▶ **Work task**:
Pull out of the data below the stretch of lines bounded by the one containing "Sig. order (ty" and the one containing "(Suc n) (Fr", both bounds included, unchanged.

··· Working data ···

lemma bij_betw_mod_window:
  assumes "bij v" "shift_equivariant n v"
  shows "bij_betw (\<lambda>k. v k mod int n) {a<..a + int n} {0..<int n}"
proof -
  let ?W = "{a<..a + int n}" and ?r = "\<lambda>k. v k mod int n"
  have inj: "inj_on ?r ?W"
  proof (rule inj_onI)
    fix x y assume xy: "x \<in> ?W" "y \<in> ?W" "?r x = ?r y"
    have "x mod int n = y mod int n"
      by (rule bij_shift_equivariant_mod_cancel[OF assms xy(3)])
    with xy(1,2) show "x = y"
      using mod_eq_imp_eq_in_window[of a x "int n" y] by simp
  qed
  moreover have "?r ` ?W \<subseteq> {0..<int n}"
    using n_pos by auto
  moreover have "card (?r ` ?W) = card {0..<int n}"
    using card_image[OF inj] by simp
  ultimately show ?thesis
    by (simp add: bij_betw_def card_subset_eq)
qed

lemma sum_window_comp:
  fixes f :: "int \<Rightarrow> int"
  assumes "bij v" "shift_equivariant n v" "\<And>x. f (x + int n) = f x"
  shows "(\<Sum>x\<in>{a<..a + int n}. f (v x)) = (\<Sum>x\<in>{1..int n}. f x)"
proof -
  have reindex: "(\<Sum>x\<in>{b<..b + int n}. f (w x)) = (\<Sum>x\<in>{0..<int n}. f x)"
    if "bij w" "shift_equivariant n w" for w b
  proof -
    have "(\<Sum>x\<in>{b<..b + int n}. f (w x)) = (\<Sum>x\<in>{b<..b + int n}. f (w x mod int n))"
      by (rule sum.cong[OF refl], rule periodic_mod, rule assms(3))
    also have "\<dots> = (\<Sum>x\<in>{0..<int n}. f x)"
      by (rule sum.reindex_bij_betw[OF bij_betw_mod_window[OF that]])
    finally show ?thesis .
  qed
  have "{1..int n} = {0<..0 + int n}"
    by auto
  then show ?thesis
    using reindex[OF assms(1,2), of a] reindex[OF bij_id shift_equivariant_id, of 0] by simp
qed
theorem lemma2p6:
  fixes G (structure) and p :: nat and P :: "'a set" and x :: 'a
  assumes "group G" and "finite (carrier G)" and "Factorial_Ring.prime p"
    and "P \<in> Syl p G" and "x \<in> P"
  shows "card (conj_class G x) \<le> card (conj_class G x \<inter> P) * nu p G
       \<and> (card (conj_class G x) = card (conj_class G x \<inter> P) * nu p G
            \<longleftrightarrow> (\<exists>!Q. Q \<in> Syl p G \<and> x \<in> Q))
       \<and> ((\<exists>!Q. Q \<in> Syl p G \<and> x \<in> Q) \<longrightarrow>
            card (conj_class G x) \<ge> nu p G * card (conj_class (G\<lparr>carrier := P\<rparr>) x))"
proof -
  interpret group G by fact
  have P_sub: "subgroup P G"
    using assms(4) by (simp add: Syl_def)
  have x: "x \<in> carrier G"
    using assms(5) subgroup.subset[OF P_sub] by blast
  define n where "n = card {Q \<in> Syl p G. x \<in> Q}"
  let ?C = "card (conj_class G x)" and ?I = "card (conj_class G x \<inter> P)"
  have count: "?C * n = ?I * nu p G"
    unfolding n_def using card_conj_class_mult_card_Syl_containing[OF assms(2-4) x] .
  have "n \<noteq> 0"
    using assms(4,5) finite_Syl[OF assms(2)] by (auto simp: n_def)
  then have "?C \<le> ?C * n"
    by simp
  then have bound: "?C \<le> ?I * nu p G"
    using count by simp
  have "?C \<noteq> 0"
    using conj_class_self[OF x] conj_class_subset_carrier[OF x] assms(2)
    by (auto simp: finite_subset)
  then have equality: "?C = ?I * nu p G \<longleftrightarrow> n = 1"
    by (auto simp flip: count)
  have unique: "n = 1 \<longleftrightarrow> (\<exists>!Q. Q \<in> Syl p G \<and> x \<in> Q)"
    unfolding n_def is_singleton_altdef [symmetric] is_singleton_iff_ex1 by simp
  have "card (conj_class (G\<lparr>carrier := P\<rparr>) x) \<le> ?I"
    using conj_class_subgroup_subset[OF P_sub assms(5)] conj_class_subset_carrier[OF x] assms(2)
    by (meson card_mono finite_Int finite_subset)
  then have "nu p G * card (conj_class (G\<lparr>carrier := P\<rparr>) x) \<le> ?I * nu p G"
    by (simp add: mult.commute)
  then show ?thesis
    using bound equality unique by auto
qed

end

···
··· Working data ···

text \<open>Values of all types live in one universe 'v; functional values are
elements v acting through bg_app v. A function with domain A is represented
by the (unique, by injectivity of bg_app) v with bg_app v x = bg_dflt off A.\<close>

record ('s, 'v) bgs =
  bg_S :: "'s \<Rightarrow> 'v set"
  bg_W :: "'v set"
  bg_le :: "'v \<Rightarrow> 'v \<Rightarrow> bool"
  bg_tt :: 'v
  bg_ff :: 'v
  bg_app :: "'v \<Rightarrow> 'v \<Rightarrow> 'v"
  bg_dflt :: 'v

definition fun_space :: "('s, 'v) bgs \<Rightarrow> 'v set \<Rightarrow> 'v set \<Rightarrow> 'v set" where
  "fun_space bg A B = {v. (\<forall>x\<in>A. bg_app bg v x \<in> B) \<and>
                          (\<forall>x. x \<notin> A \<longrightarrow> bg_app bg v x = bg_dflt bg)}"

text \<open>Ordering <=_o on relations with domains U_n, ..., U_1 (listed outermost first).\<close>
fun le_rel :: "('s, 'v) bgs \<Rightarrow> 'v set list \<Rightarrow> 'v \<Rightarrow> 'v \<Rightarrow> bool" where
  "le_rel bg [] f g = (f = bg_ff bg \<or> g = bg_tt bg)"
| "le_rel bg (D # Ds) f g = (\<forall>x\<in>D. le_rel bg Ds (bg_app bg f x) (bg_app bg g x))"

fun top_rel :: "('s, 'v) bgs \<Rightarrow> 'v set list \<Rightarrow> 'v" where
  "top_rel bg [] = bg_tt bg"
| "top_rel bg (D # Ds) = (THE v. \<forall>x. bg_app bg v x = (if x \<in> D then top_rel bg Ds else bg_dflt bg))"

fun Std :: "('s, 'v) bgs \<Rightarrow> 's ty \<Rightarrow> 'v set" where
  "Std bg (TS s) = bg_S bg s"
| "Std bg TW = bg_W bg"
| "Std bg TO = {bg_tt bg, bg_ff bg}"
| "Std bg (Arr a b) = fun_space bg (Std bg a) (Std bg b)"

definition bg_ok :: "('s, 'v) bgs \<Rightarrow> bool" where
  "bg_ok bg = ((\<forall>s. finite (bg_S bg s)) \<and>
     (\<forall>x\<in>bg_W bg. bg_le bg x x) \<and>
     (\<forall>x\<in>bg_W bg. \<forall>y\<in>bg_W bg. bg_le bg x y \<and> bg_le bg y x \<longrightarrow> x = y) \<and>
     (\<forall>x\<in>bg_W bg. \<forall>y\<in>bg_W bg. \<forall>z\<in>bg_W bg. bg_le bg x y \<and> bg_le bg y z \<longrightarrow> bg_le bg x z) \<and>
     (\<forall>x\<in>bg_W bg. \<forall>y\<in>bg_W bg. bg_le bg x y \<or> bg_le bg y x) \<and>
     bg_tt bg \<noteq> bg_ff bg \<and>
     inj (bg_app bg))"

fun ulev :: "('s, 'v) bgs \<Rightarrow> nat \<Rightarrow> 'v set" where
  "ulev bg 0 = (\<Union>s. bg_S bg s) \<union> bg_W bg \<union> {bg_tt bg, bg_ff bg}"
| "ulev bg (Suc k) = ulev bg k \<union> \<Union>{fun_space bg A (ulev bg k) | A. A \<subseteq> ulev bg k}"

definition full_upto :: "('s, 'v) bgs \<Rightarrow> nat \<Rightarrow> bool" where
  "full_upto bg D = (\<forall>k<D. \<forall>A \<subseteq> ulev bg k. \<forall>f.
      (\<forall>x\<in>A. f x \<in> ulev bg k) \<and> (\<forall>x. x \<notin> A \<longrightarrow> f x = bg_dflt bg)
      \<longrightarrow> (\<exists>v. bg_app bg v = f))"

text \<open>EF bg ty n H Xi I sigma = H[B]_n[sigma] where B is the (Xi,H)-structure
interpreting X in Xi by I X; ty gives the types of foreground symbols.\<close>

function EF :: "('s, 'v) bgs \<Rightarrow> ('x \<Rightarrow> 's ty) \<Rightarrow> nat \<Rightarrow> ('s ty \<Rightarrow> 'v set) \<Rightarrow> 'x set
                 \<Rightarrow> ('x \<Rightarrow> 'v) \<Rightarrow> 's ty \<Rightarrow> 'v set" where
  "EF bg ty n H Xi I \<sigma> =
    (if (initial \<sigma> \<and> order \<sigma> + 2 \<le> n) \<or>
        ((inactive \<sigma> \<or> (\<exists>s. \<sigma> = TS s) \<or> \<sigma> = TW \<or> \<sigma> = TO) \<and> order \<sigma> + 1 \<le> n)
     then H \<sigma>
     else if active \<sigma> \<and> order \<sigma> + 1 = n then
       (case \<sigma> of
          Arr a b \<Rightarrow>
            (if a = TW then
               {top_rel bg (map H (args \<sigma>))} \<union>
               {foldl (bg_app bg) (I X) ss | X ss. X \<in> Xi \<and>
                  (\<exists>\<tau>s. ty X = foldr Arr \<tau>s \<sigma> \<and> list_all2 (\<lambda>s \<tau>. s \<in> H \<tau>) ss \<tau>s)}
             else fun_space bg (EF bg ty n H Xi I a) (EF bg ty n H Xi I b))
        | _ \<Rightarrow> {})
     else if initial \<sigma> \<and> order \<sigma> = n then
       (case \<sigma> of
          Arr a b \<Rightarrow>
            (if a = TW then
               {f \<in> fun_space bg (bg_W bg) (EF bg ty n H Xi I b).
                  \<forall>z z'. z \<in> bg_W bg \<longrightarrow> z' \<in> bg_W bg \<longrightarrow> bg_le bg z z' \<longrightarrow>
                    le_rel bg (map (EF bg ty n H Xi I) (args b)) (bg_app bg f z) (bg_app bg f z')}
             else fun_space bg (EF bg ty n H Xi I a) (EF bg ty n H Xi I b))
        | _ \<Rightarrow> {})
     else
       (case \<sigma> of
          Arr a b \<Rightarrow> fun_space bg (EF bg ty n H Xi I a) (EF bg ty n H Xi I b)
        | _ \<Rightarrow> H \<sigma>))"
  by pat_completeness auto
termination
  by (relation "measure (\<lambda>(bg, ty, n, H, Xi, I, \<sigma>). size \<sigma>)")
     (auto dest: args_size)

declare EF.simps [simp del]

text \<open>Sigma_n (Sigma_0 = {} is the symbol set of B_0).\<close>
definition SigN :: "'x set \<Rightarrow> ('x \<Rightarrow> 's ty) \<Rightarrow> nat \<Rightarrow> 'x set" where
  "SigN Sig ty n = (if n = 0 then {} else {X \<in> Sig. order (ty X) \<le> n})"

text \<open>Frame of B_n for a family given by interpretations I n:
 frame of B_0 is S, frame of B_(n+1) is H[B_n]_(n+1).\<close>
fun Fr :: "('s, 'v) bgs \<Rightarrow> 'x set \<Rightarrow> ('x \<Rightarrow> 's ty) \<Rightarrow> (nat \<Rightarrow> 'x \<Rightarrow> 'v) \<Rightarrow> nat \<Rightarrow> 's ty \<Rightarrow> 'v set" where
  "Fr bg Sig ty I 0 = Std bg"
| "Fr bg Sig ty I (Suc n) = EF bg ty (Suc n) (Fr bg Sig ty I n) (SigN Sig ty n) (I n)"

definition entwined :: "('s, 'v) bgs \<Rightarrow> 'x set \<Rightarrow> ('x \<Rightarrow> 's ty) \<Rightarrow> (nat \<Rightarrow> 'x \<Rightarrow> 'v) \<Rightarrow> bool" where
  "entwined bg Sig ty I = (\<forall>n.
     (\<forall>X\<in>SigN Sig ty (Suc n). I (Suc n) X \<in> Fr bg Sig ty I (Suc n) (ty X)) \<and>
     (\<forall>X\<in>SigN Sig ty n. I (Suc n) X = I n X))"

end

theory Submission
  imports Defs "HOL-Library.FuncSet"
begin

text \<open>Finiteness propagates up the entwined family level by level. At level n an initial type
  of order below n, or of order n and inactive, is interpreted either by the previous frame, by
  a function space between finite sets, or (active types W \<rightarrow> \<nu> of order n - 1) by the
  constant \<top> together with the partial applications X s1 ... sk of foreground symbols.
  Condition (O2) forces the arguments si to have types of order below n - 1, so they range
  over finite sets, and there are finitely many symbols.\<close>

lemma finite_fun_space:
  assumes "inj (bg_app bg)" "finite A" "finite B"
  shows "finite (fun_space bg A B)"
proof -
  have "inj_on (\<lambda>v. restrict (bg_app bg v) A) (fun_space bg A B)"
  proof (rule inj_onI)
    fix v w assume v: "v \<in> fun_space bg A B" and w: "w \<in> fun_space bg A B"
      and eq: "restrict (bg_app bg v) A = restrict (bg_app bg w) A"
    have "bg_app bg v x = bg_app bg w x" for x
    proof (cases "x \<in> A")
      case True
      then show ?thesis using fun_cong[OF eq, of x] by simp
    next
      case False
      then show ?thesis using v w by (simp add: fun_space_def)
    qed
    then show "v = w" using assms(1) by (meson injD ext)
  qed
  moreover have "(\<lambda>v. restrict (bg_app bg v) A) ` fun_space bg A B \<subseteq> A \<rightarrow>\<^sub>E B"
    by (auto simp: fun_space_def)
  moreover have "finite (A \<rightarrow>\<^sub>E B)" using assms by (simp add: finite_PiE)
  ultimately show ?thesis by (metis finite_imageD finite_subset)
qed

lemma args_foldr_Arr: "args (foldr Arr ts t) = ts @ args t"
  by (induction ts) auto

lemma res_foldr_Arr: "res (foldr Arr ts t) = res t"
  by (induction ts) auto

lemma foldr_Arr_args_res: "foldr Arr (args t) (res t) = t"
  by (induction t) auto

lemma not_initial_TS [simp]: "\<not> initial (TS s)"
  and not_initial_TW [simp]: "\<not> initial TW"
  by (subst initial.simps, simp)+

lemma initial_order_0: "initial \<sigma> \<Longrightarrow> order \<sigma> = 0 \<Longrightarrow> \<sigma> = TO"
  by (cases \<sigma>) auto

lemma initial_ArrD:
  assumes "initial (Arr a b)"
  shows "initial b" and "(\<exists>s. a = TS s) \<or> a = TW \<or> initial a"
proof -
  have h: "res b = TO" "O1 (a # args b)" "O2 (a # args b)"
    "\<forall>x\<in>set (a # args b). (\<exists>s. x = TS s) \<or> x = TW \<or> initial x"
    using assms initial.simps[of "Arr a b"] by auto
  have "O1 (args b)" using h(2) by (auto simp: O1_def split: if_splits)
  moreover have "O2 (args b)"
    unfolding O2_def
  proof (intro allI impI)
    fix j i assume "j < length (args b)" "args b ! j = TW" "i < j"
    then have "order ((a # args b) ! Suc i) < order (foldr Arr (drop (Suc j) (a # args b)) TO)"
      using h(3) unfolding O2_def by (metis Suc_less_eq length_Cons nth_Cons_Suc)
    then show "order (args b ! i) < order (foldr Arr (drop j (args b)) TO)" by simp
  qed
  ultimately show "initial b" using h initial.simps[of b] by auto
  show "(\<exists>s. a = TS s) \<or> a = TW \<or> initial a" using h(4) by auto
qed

···
··· Working data ···

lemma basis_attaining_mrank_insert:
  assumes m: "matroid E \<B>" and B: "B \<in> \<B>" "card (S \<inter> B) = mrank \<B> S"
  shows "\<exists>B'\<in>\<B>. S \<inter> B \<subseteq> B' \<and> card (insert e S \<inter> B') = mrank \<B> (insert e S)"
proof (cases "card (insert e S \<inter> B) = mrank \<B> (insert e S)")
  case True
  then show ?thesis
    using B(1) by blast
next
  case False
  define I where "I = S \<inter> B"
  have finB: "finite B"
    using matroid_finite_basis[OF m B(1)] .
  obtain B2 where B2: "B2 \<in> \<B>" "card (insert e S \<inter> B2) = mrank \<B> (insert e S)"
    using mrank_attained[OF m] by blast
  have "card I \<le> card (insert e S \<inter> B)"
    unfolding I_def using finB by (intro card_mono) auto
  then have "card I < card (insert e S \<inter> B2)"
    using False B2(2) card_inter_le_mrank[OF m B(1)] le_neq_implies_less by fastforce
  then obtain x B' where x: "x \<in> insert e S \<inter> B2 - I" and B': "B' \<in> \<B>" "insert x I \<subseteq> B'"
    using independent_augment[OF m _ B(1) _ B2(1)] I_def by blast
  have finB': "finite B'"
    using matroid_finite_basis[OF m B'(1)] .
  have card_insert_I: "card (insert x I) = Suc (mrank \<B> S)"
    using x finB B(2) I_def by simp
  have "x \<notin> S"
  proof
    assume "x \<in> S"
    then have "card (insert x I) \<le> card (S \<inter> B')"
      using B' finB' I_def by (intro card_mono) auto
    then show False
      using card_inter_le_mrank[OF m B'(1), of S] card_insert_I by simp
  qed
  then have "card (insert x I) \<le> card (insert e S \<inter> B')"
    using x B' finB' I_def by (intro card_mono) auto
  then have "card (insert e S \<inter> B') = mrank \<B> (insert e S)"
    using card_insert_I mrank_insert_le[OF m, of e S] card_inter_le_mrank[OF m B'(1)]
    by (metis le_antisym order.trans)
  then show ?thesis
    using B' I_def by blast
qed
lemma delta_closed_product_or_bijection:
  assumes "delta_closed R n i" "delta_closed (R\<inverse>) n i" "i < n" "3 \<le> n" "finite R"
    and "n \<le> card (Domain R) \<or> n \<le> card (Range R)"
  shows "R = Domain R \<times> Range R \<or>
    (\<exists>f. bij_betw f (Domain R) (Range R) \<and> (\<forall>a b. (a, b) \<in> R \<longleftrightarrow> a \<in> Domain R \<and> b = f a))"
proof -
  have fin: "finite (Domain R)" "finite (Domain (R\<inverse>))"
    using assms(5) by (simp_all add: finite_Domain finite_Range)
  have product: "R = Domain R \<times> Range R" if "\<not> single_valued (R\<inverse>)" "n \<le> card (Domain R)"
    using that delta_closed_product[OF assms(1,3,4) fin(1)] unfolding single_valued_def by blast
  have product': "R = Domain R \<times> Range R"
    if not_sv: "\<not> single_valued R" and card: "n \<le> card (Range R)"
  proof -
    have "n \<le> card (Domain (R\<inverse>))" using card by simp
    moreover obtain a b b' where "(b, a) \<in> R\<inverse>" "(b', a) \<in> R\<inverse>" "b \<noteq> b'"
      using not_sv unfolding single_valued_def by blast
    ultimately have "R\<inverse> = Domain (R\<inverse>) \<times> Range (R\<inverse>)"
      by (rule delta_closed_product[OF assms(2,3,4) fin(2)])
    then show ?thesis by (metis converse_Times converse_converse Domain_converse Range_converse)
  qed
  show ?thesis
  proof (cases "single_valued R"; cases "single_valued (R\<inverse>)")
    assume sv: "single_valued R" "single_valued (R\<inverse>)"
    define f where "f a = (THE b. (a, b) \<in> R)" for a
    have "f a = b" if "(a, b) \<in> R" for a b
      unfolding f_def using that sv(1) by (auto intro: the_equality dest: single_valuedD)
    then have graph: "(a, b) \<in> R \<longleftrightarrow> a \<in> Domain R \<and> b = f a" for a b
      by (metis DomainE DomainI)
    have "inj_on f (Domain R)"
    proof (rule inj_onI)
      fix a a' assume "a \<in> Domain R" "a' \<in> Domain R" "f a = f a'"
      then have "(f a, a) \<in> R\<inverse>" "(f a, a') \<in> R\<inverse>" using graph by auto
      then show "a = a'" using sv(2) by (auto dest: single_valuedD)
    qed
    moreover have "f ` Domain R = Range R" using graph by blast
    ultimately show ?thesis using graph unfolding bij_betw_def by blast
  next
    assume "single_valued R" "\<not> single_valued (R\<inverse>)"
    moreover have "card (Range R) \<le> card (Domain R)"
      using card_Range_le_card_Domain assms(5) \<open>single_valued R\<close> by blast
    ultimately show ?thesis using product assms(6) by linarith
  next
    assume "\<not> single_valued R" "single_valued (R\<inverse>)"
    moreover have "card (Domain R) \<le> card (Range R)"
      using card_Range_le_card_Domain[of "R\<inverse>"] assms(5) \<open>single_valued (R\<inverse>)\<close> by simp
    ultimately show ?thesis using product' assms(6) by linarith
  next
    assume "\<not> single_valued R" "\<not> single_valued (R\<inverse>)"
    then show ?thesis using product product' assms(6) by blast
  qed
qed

···

▶ **Exercise answer**:
  "SigN Sig ty n = (if n = 0 then {} else {X \<in> Sig. order (ty X) \<le> n})"

text \<open>Frame of B_n for a family given by interpretations I n:
 frame of B_0 is S, frame of B_(n+1) is H[B_n]_(n+1).\<close>
fun Fr :: "('s, 'v) bgs \<Rightarrow> 'x set \<Rightarrow> ('x \<Rightarrow> 's ty) \<Rightarrow> (nat \<Rightarrow> 'x \<Rightarrow> 'v) \<Rightarrow> nat \<Rightarrow> 's ty \<Rightarrow> 'v set" where
  "Fr bg Sig ty I 0 = Std bg"
| "Fr bg Sig ty I (Suc n) = EF bg ty (Suc n) (Fr bg Sig ty I n) (SigN Sig ty n) (I n)"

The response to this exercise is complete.